Nilton Mendes
- Mendes with FC Zhenis

Personal information
- Full name: Nilton Pereira Mendes
- Date of birth: January 7, 1976
- Place of birth: Governador Valadares, Brazil
- Date of death: September 18, 2006 (aged 30)
- Place of death: Karagandy, Kazakhstan
- Height: 1.80 m (5 ft 11 in)
- Position: Striker

Youth career
- Atlético Mineiro
- Internacional

Senior career*
- Years: Team / Apps / (Gls)
- 1998: Zhemchuzhina Sochi / 25 / (2)
- 1999–2001: Irtysh Pavlodar / 76 / (43)
- 2002–2004: Zhenis Astana / 71 / (20)
- 2004: Shakhter Karagandy / 16 / (6)
- 2005: Zhenis Astana / 26 / (7)
- 2006: Shakhter Karagandy / 11 / (3)
- Total:  / 225 / (81)

= Nilton Mendes =

Brazilian footballer

Nilton Pereira Mendes or simply Mendes (January 7, 1976 - September 18, 2006) was a Brazilian professional footballer.
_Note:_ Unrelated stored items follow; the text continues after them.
(* Let $\beta\in\mathbb{Z}[\mathrm{i}]$ with $|\beta|>1$ and let $D\subset\mathbb{Z}[\mathrm{i}]$ be finite. Let $w_1,w_2,w_3\in D^*$ with $w_2$ non-empty, and suppose $[w_1]_\beta\,(1-\beta^{|w_2|})\neq[w_2]_\beta$. For $j\ge0$ put $u_j=[w_1w_2^jw_3]_\beta$, where $w_2^j$ denotes $w_2$ concatenated $j$ times. If there exist integers $k\ge0$ and $\ell\ge1$ such that $u_k,u_{k+\ell},u_{k+2\ell}$ lie on a common line in $\mathbb{C}$, then $\beta$ is a root of an integer, i.e. $\beta^N\in\mathbb{Z}$ for some integer $N\ge1$.
   Context: For a word $w=w_{n-1}\cdots w_0$ over $D$, $[w]_\beta=\sum_{j=0}^{n-1}w_j\beta^j$ ($w_0$ least significant) and $|w|=n$ is its length. *)

theory Defs
  imports "HOL-Analysis.Analysis"
begin

definition gauss_int :: "complex \<Rightarrow> bool" where
  "gauss_int z \<longleftrightarrow> Re z \<in> \<int> \<and> Im z \<in> \<int>"

text \<open>A word w = w_{n-1} ... w_0 is the list [w_{n-1}, ..., w_0]; the last list
  element is the least significant digit.\<close>
fun word_val :: "complex \<Rightarrow> complex list \<Rightarrow> complex" where
  "word_val \<beta> [] = 0"
| "word_val \<beta> (x # xs) = x * \<beta> ^ length xs + word_val \<beta> xs"

definition word_pow :: "complex list \<Rightarrow> nat \<Rightarrow> complex list" where
  "word_pow w j = concat (replicate j w)"

end

theory Submission
  imports Defs
begin

text \<open>Write \<open>q = \<beta>^|w2|\<close>. Summing the geometric series for the pumped block gives
  \<open>(q - 1) u j = E q^j + F\<close> with \<open>E = \<beta>^|w3| ([w1] (q - 1) + [w2])\<close>, and the hypothesis on
  \<open>w1, w2\<close> says exactly that \<open>E \<noteq> 0\<close>. Hence \<open>u (k + l) - u k\<close> is nonzero and
  \<open>u (k + 2l) - u (k + l)\<close> is \<open>q^l\<close> times it. Collinearity forces this ratio to be real, so
  \<open>\<beta>^(|w2| l)\<close> is a real Gaussian integer, i.e. an integer.\<close>

lemma word_val_append:
  "word_val b (xs @ ys) = word_val b xs * b ^ length ys + word_val b ys"
  by (induction xs) (auto simp: algebra_simps power_add)

lemma length_word_pow: "length (word_pow w j) = j * length w"
  by (induction j) (auto simp: word_pow_def)

lemma word_pow_Suc: "word_pow w (Suc j) = w @ word_pow w j"
  by (simp add: word_pow_def)

lemma word_val_word_pow:
  "word_val b (word_pow w j) * (b ^ length w - 1) = word_val b w * ((b ^ length w) ^ j - 1)"
proof (induction j)
  case 0
  then show ?case by (simp add: word_pow_def)
next
  case (Suc j)
  have "word_val b (word_pow w (Suc j))
      = word_val b w * (b ^ length w) ^ j + word_val b (word_pow w j)"
    by (simp add: word_pow_Suc word_val_append length_word_pow power_mult[symmetric] mult.commute)
  then show ?case
    using Suc by (simp add: algebra_simps)
qed

lemma word_val_pumped:
  fixes b :: complex and w1 w2 w3 :: "complex list"
  defines "q \<equiv> b ^ length w2"
  shows "(q - 1) * word_val b (w1 @ word_pow w2 j @ w3)
    = b ^ length w3 * (word_val b w1 * (q - 1) + word_val b w2) * q ^ j
      + ((q - 1) * word_val b w3 - b ^ length w3 * word_val b w2)"
proof -
  have "word_val b (w1 @ word_pow w2 j @ w3)
      = (word_val b w1 * q ^ j + word_val b (word_pow w2 j)) * b ^ length w3 + word_val b w3"
    by (simp add: word_val_append length_word_pow q_def power_add power_mult[symmetric]
        algebra_simps)
  then have "(q - 1) * word_val b (w1 @ word_pow w2 j @ w3)
      = (word_val b w1 * q ^ j * (q - 1) + word_val b (word_pow w2 j) * (q - 1)) * b ^ length w3
        + (q - 1) * word_val b w3"
    by (simp add: algebra_simps)
  also have "\<dots> = (word_val b w1 * q ^ j * (q - 1) + word_val b w2 * (q ^ j - 1)) * b ^ length w3
        + (q - 1) * word_val b w3"
    using word_val_word_pow[of b w2 j] by (simp add: q_def)
  finally show ?thesis
    by (simp add: algebra_simps)
qed

lemma word_val_pumped_diff:
  fixes b :: complex and w1 w2 w3 :: "complex list"
  defines "q \<equiv> b ^ length w2"
  shows "(q - 1) * (word_val b (w1 @ word_pow w2 (j + i) @ w3) - word_val b (w1 @ word_pow w2 j @ w3))
    = b ^ length w3 * (word_val b w1 * (q - 1) + word_val b w2) * q ^ j * (q ^ i - 1)"
proof -
  have "(q - 1) * (word_val b (w1 @ word_pow w2 (j + i) @ w3) - word_val b (w1 @ word_pow w2 j @ w3))
      = (q - 1) * word_val b (w1 @ word_pow w2 (j + i) @ w3)
        - (q - 1) * word_val b (w1 @ word_pow w2 j @ w3)"
    by (rule right_diff_distrib)
  also have "\<dots> = b ^ length w3 * (word_val b w1 * (q - 1) + word_val b w2) * q ^ j * (q ^ i - 1)"
    unfolding q_def word_val_pumped by (simp add: power_add algebra_simps)
  finally show ?thesis .
qed

lemma word_val_pumped_diff_shift:
  fixes b :: complex and w1 w2 w3 :: "complex list"
  assumes "b ^ length w2 \<noteq> 1"
  shows "word_val b (w1 @ word_pow w2 (j + i + l) @ w3) - word_val b (w1 @ word_pow w2 (j + i) @ w3)
    = (b ^ length w2) ^ i
      * (word_val b (w1 @ word_pow w2 (j + l) @ w3) - word_val b (w1 @ word_pow w2 j @ w3))"
proof -
  let ?q = "b ^ length w2"
  have "(?q - 1) * (word_val b (w1 @ word_pow w2 (j + i + l) @ w3)
        - word_val b (w1 @ word_pow w2 (j + i) @ w3))
      = (?q - 1) * (?q ^ i * (word_val b (w1 @ word_pow w2 (j + l) @ w3)
        - word_val b (w1 @ word_pow w2 j @ w3)))"
    unfolding mult.left_commute[of "?q - 1" "?q ^ i"] word_val_pumped_diff
    by (simp add: power_add)
  then show ?thesis
    using assms by simp
qed

lemma word_val_pumped_diff_neq_0:
  fixes b :: complex and w1 w2 w3 :: "complex list"
  assumes "b \<noteq> 0" and "(b ^ length w2) ^ l \<noteq> 1"
    and "word_val b w1 * (1 - b ^ length w2) \<noteq> word_val b w2"
  shows "word_val b (w1 @ word_pow w2 (j + l) @ w3) \<noteq> word_val b (w1 @ word_pow w2 j @ w3)"
proof
  let ?q = "b ^ length w2"
  assume "word_val b (w1 @ word_pow w2 (j + l) @ w3) = word_val b (w1 @ word_pow w2 j @ w3)"
  then have "b ^ length w3 * (word_val b w1 * (?q - 1) + word_val b w2) * ?q ^ j * (?q ^ l - 1) = 0"
    using word_val_pumped_diff[of b w2 w1 j l w3] by simp
  then have "word_val b w1 * (?q - 1) + word_val b w2 = 0"
    using assms(1,2) by simp
  then have "word_val b w1 * (1 - ?q) = word_val b w2"
    by (simp add: algebra_simps)
  with assms(3) show False ..
qed

lemma collinear_3_diff_ratio_Reals:
  fixes a b c :: complex
  assumes "collinear {a, b, c}"
  shows "(c - b) / (b - a) \<in> \<real>"
proof -
  have "(c - b) / (a - b) \<in> \<real>"
    using assms by (simp add: collinear_3 collinear_iff_Reals)
  then have "- ((c - b) / (a - b)) \<in> \<real>"
    by (rule Reals_minus)
  then show ?thesis
    by (simp add: minus_divide_right)
qed

lemma power_neq_one_if_norm_gt_one:
  fixes z :: "'a :: real_normed_div_algebra"
  assumes "norm z > 1" and "n \<ge> 1"
  shows "z ^ n \<noteq> 1"
proof -
  have "norm (z ^ n) > 1"
    using assms by (simp add: norm_power)
  then show ?thesis by auto
qed

lemma gauss_int_power: "gauss_int z \<Longrightarrow> gauss_int (z ^ n)"
proof (induction n)
  case (Suc n)
  then show ?case by (auto simp: gauss_int_def)
qed (simp add: gauss_int_def)

lemma gauss_int_Reals_imp_Ints: "gauss_int z \<Longrightarrow> z \<in> \<real> \<Longrightarrow> z \<in> \<int>"
  by (auto simp: gauss_int_def complex_is_Int_iff complex_is_Real_iff elim!: Ints_cases)

theorem lemma3p3:
  fixes \<beta> :: complex and D :: "complex set" and w1 w2 w3 :: "complex list"
    and k l :: nat
  assumes "gauss_int \<beta>" and "cmod \<beta> > 1"
    and "finite D" and "\<forall>d\<in>D. gauss_int d"
    and "set w1 \<subseteq> D" and "set w2 \<subseteq> D" and "set w3 \<subseteq> D"
    and "w2 \<noteq> []"
    and "word_val \<beta> w1 * (1 - \<beta> ^ length w2) \<noteq> word_val \<beta> w2"
    and "l \<ge> 1"
    and "collinear {word_val \<beta> (w1 @ word_pow w2 k @ w3),
                    word_val \<beta> (w1 @ word_pow w2 (k + l) @ w3),
                    word_val \<beta> (w1 @ word_pow w2 (k + 2 * l) @ w3)}"
  shows "\<exists>N::nat. N \<ge> 1 \<and> \<beta> ^ N \<in> \<int>"
proof -
  define n where "n = length w2"
  define u where "u j = word_val \<beta> (w1 @ word_pow w2 j @ w3)" for j
  have "n \<ge> 1" and "\<beta> \<noteq> 0"
    using assms(2,8) by (auto simp: n_def Suc_le_eq)
  have "\<beta> ^ n \<noteq> 1" and "(\<beta> ^ n) ^ l \<noteq> 1"
    using power_neq_one_if_norm_gt_one[OF assms(2)] \<open>n \<ge> 1\<close> \<open>l \<ge> 1\<close>
    by (auto simp flip: power_mult)
  then have "u (k + 2 * l) - u (k + l) = (\<beta> ^ n) ^ l * (u (k + l) - u k)"
    using word_val_pumped_diff_shift[of \<beta> w2 w1 k l l w3]
    by (simp add: u_def n_def mult_2 add.assoc)
  moreover have "u (k + l) \<noteq> u k"
    using word_val_pumped_diff_neq_0[OF \<open>\<beta> \<noteq> 0\<close>] \<open>(\<beta> ^ n) ^ l \<noteq> 1\<close> assms(9)
    by (simp add: u_def n_def)
  moreover have "(u (k + 2 * l) - u (k + l)) / (u (k + l) - u k) \<in> \<real>"
    using collinear_3_diff_ratio_Reals[OF assms(11)] by (simp add: u_def)
  ultimately have "\<beta> ^ (n * l) \<in> \<real>"
    by (simp add: power_mult)
  then have "\<beta> ^ (n * l) \<in> \<int>"
    using gauss_int_power[OF assms(1)] by (rule gauss_int_Reals_imp_Ints[rotated])
  moreover have "n * l \<ge> 1"
    using \<open>n \<ge> 1\<close> \<open>l \<ge> 1\<close> by simp
  ultimately show ?thesis by blast
qed

end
He was born in Governador Valadares.

==Death==
Mendes collapsed on the pitch during a training match for his club FC Shakhter Karagandy and died on the way to the hospital at Karagandy.

==Honours==
===Club===
- Irtysh
- Kazakhstan Premier League winner (1): 1999.
- Kazakhstan Premier League bronze (1): 2000.

- Astana-1964
- Kazakhstan Premier League bronze (1): 2003.
- Kazakhstan Cup winner (2): 2002, 2005
- Kazakhstan Cup runner-up (1): 2001

===Individual===
- Kazakhstan Premier League top scorer: 2000 (21 goals).
- Kazakhstan Premier League best foreign player: 2002.